(Given entries begins)
(* With the notation of the context, for all fixed frequencies, $$|S_k|\lesssim\min\big((N_2\wedge N_3)^{2-\alpha}\log(2+N_1)+N_1,\ (N_1\wedge N_2)^{2-\alpha}\log(2+N_3)+N_3\big),$$ $$|S_{k_1}|\lesssim\min\big(N_3^{2-\alpha}\log(2+N_2)+N_2,\ N_2^{2-\alpha}\log(2+N_3)+N_3\big),$$ $$|S_{k_2}|\lesssim\min\big(N_3^{2-\alpha}\log(2+N_1)+N_1,\ N_1^{2-\alpha}\log(2+N_3)+N_3\big),$$ $$|S_{k_3}|\lesssim\min\big(N_1^{2-\alpha}\log(2+N_2)+N_2,\ N_2^{2-\alpha}\log(2+N_1)+N_1\big).$$
   Context: Fix $\alpha\in(1,2)$, dyadic numbers $1\le N_1,N_2,N_3\le N$, a real number $m$ and a constant $C_0>0$. Let $S$ be the set of $(k,k_1,k_2,k_3)\in\mathbb Z^4$ with $k=k_1-k_2+k_3$, $k_2\notin\{k_1,k_3\}$, $\big||k_1|^\alpha-|k_2|^\alpha+|k_3|^\alpha-|k|^\alpha-m\big|\le C_0$, $|k|\le N$ and $|k_j|\le N_j$ for $j=1,2,3$. When some of the variables are fixed, $S$ with those variables as subscripts denotes the set of the remaining variables for which the quadruple lies in $S$ (e.g. $S_{k_1}=\{(k,k_2,k_3):(k,k_1,k_2,k_3)\in S\}$). $|A|$ is the cardinality of $A$, $a\wedge b=\min(a,b)$. $A\lesssim B$ means $A\le CB$ with $C$ depending only on $\alpha$ and $C_0$. *)

theory Defs
  imports Complex_Main
begin

definition dyadic :: "nat \<Rightarrow> bool" where
  "dyadic M \<longleftrightarrow> (\<exists>j::nat. M = 2 ^ j)"

definition Sres :: "real \<Rightarrow> real \<Rightarrow> real \<Rightarrow> nat \<Rightarrow> nat \<Rightarrow> nat \<Rightarrow> nat
    \<Rightarrow> (int \<times> int \<times> int \<times> int) set" where
  "Sres \<alpha> C0 m N N1 N2 N3 =
     {(k, k1, k2, k3). k = k1 - k2 + k3 \<and> k2 \<noteq> k1 \<and> k2 \<noteq> k3 \<and>
        \<bar>\<bar>real_of_int k1\<bar> powr \<alpha> - \<bar>real_of_int k2\<bar> powr \<alpha> + \<bar>real_of_int k3\<bar> powr \<alpha>
          - \<bar>real_of_int k\<bar> powr \<alpha> - m\<bar> \<le> C0 \<and>
        \<bar>k\<bar> \<le> int N \<and> \<bar>k1\<bar> \<le> int N1 \<and> \<bar>k2\<bar> \<le> int N2 \<and> \<bar>k3\<bar> \<le> int N3}"

end

theory Submission
  imports Defs "HOL-Analysis.Harmonic_Numbers"
begin

text \<open>
  Write \<open>\<phi> t = \<bar>t\<bar> powr \<alpha>\<close>. Fixing one frequency and eliminating another through
  \<open>k = k1 - k2 + k3\<close>, the resonance condition becomes \<open>\<bar>\<phi> (y + d) - \<phi> y - c\<bar> \<le> C0\<close>,
  where \<open>y\<close> ranges over \<open>[-L, L]\<close> and \<open>d \<noteq> 0\<close> is a difference of two frequencies.
  Since \<open>\<phi>'\<close> is \<open>\<alpha>\<close> times the signed power \<open>sgn t * \<bar>t\<bar> powr (\<alpha> - 1)\<close>, which has slope at
  least \<open>(\<alpha> - 1) * R powr (\<alpha> - 2)\<close> on \<open>[-R, R]\<close>, the map \<open>y \<mapsto> \<phi> (y + d) - \<phi> y\<close> is
  monotone with slope \<open>\<greatersim> \<bar>d\<bar> * (L + \<bar>d\<bar>) powr (\<alpha> - 2)\<close>. So it meets a window of width
  \<open>2 * C0\<close> in \<open>\<lesssim> 1 + L powr (2 - \<alpha>) / \<bar>d\<bar>\<close> integers, and summing over \<open>d\<close> gives the
  harmonic sum \<open>L powr (2 - \<alpha>) * ln M + M\<close>.

  This yields every bound except \<open>N2 powr (2 - \<alpha>) * ln N3 + N3\<close> for the \<open>k1\<close>-fibre when
  \<open>N3 \<le> N2\<close>. There, for fixed \<open>k3\<close> and away from the diagonal \<open>\<bar>2 * k2 - k1 - k3\<bar> \<ge> N3\<close>,
  the map \<open>k2 \<mapsto> \<phi> k2 + \<phi> (k1 + k3 - k2)\<close> has slope \<open>\<greatersim> N3 * N2 powr (\<alpha> - 2)\<close>, so each
  \<open>k3\<close> contributes \<open>\<lesssim> 1 + N2 powr (2 - \<alpha>) / N3\<close>; near the diagonal \<open>k2\<close> lies in an
  interval of length \<open>2 * N3\<close> and the difference argument applies. The symmetry
  \<open>(k1, N1) \<leftrightarrow> (k3, N3)\<close> gives the remaining bounds.
\<close>

section \<open>Derivatives of the dispersion relation\<close>

definition abs_powr :: "real \<Rightarrow> real \<Rightarrow> real" where
  "abs_powr a t = \<bar>t\<bar> powr a"

definition signed_powr :: "real \<Rightarrow> real \<Rightarrow> real" where
  "signed_powr b t = sgn t * \<bar>t\<bar> powr b"

lemma signed_powr_uminus [simp]: "signed_powr b (- t) = - signed_powr b t"
  by (simp add: signed_powr_def)

lemma has_real_derivative_abs_powr:
  assumes "1 < a"
  shows "(abs_powr a has_real_derivative a * signed_powr (a - 1) t) (at t)"
proof (cases t "0::real" rule: linorder_cases)
  case less
  have "eventually (\<lambda>x. x \<in> {..<0}) (nhds t)"
    using less by (intro eventually_nhds_in_open) auto
  then have ev: "eventually (\<lambda>x. abs_powr a x = (- x) powr a) (nhds t)"
    by eventually_elim (simp add: abs_powr_def)
  have "((\<lambda>x. (- x) powr a) has_real_derivative a * (- t) powr (a - 1) * (- 1)) (at t)"
    using less by (auto intro!: derivative_eq_intros)
  then show ?thesis
    using less by (subst DERIV_cong_ev[OF refl ev refl]) (simp add: signed_powr_def)
next
  case equal
  have "((\<lambda>h. \<bar>h\<bar> powr (a - 1)) \<longlongrightarrow> 0) (at 0)"
    using assms by (intro tendsto_zero_powrI tendsto_eq_intros) auto
  then have "((\<lambda>h. (abs_powr a (0 + h) - abs_powr a 0) / h) \<longlongrightarrow> 0) (at 0)"
    by (rule tendsto_rabs_zero_cancel[OF Lim_transform_eventually])
       (auto simp: eventually_at_filter abs_powr_def abs_divide powr_diff)
  then show ?thesis
    using equal by (simp add: DERIV_def signed_powr_def)
next
  case greater
  have "eventually (\<lambda>x. x \<in> {0<..}) (nhds t)"
    using greater by (intro eventually_nhds_in_open) auto
  then have ev: "eventually (\<lambda>x. abs_powr a x = x powr a) (nhds t)"
    by eventually_elim (simp add: abs_powr_def)
  have "((\<lambda>x. x powr a) has_real_derivative a * t powr (a - 1)) (at t)"
    using greater by (rule has_real_derivative_powr)
  then show ?thesis
    using greater by (subst DERIV_cong_ev[OF refl ev refl]) (simp add: signed_powr_def)
qed

lemma powr_increment_ge:
  fixes b u v M :: real
  assumes "0 < b" "b < 1" "0 < u" "u < v" "v \<le> M"
  shows "b * M powr (b - 1) * (v - u) \<le> v powr b - u powr b"
proof -
  have "\<And>x. u \<le> x \<Longrightarrow> x \<le> v \<Longrightarrow> ((\<lambda>x. x powr b) has_real_derivative b * x powr (b - 1)) (at x)"
    using assms by (auto intro!: has_real_derivative_powr)
  from MVT2[OF \<open>u < v\<close> this] obtain z where z: "u < z" "z < v"
    and eq: "v powr b - u powr b = (v - u) * (b * z powr (b - 1))" by blast
  have "M powr (b - 1) \<le> z powr (b - 1)"
    using assms z by (intro powr_mono2') auto
  then show ?thesis
    using assms z unfolding eq by (simp add: mult_left_mono mult_right_mono mult.commute)
qed

lemma powr_ge_linear:
  fixes b x M :: real
  assumes "b \<le> 1" "0 \<le> x" "x \<le> M"
  shows "M powr (b - 1) * x \<le> x powr b"
proof (cases "x = 0")
  case False
  then have "M powr (b - 1) \<le> x powr (b - 1)"
    using assms by (intro powr_mono2') auto
  then show ?thesis
    using assms False by (simp add: powr_diff mult_right_mono field_simps)
qed simp

lemma signed_powr_increment_ge:
  assumes "0 < b" "b < 1" "x < y" "\<bar>x\<bar> \<le> M" "\<bar>y\<bar> \<le> M"
  shows "b * M powr (b - 1) * (y - x) \<le> signed_powr b y - signed_powr b x"
proof -
  consider "0 < x" | "y < 0" | "x \<le> 0" "0 \<le> y" by linarith
  then show ?thesis
  proof cases
    case 1
    then show ?thesis
      using powr_increment_ge[of b x y M] assms by (simp add: signed_powr_def)
  next
    case 2
    then show ?thesis
      using powr_increment_ge[of b "- y" "- x" M] assms by (simp add: signed_powr_def)
  next
    case 3
    have "M powr (b - 1) * y \<le> y powr b" "M powr (b - 1) * (- x) \<le> (- x) powr b"
      using 3 assms by (intro powr_ge_linear; simp)+
    moreover have "b * (M powr (b - 1) * (y - x)) \<le> M powr (b - 1) * (y - x)"
      using 3 assms by (intro mult_left_le_one_le) auto
    moreover have "signed_powr b y - signed_powr b x = y powr b + (- x) powr b"
      using 3 by (auto simp: signed_powr_def sgn_if)
    ultimately show ?thesis
      by (simp add: algebra_simps)
  qed
qed

lemma signed_powr_mono:
  assumes "0 < b" "b < 1" "x \<le> y"
  shows "signed_powr b x \<le> signed_powr b y"
proof (cases "x = y")
  case False
  have "0 \<le> b * (max \<bar>x\<bar> \<bar>y\<bar>) powr (b - 1) * (y - x)"
    using assms by simp
  also have "\<dots> \<le> signed_powr b y - signed_powr b x"
    using assms False by (intro signed_powr_increment_ge) auto
  finally show ?thesis by simp
qed simp

text \<open>Only one endpoint is bounded: if \<open>x < -2 * N\<close>, monotonicity reduces to the pair \<open>-2 * N < -N\<close>.\<close>

lemma signed_powr_gap_ge:
  assumes "0 < b" "b < 1" "x < y" "\<bar>x\<bar> \<le> N \<or> \<bar>y\<bar> \<le> N" "U \<le> y - x" "0 < U" "U \<le> N"
  shows "b * (2 * N) powr (b - 1) * U \<le> signed_powr b y - signed_powr b x"
proof -
  have gap: "b * (2 * N) powr (b - 1) * U \<le> signed_powr b y - signed_powr b x"
    if "x < y" "\<bar>y\<bar> \<le> N" "U \<le> y - x" for x y
  proof (cases "- 2 * N \<le> x")
    case True
    have "b * (2 * N) powr (b - 1) * U \<le> b * (2 * N) powr (b - 1) * (y - x)"
      using assms that by (intro mult_left_mono) auto
    also have "\<dots> \<le> signed_powr b y - signed_powr b x"
      using assms that True by (intro signed_powr_increment_ge) auto
    finally show ?thesis .
  next
    case False
    have "b * (2 * N) powr (b - 1) * U \<le> b * (2 * N) powr (b - 1) * (- N - (- 2 * N))"
      using assms by (intro mult_left_mono) auto
    also have "\<dots> \<le> signed_powr b (- N) - signed_powr b (- 2 * N)"
      using assms by (intro signed_powr_increment_ge) auto
    also have "\<dots> \<le> signed_powr b y - signed_powr b x"
      using assms that False signed_powr_mono[of b "- N" y] signed_powr_mono[of b x "- 2 * N"]
      by linarith
    finally show ?thesis .
  qed
  show ?thesis
    using assms(4)
  proof
    assume "\<bar>x\<bar> \<le> N"
    then show ?thesis
      using gap[of "- y" "- x"] assms by simp
  qed (use gap assms in blast)
qed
(Given entries ends)
Pull every line containing "frequencies" from the material above.

(* With the notation of the context, for all fixed frequencies, $$|S_k|\lesssim\min\big((N_2\wedge N_3)^{2-\alpha}\log(2+N_1)+N_1,\ (N_1\wedge N_2)^{2-\alpha}\log(2+N_3)+N_3\big),$$ $$|S_{k_1}|\lesssim\min\big(N_3^{2-\alpha}\log(2+N_2)+N_2,\ N_2^{2-\alpha}\log(2+N_3)+N_3\big),$$ $$|S_{k_2}|\lesssim\min\big(N_3^{2-\alpha}\log(2+N_1)+N_1,\ N_1^{2-\alpha}\log(2+N_3)+N_3\big),$$ $$|S_{k_3}|\lesssim\min\big(N_1^{2-\alpha}\log(2+N_2)+N_2,\ N_2^{2-\alpha}\log(2+N_1)+N_1\big).$$
  where \<open>y\<close> ranges over \<open>[-L, L]\<close> and \<open>d \<noteq> 0\<close> is a difference of two frequencies.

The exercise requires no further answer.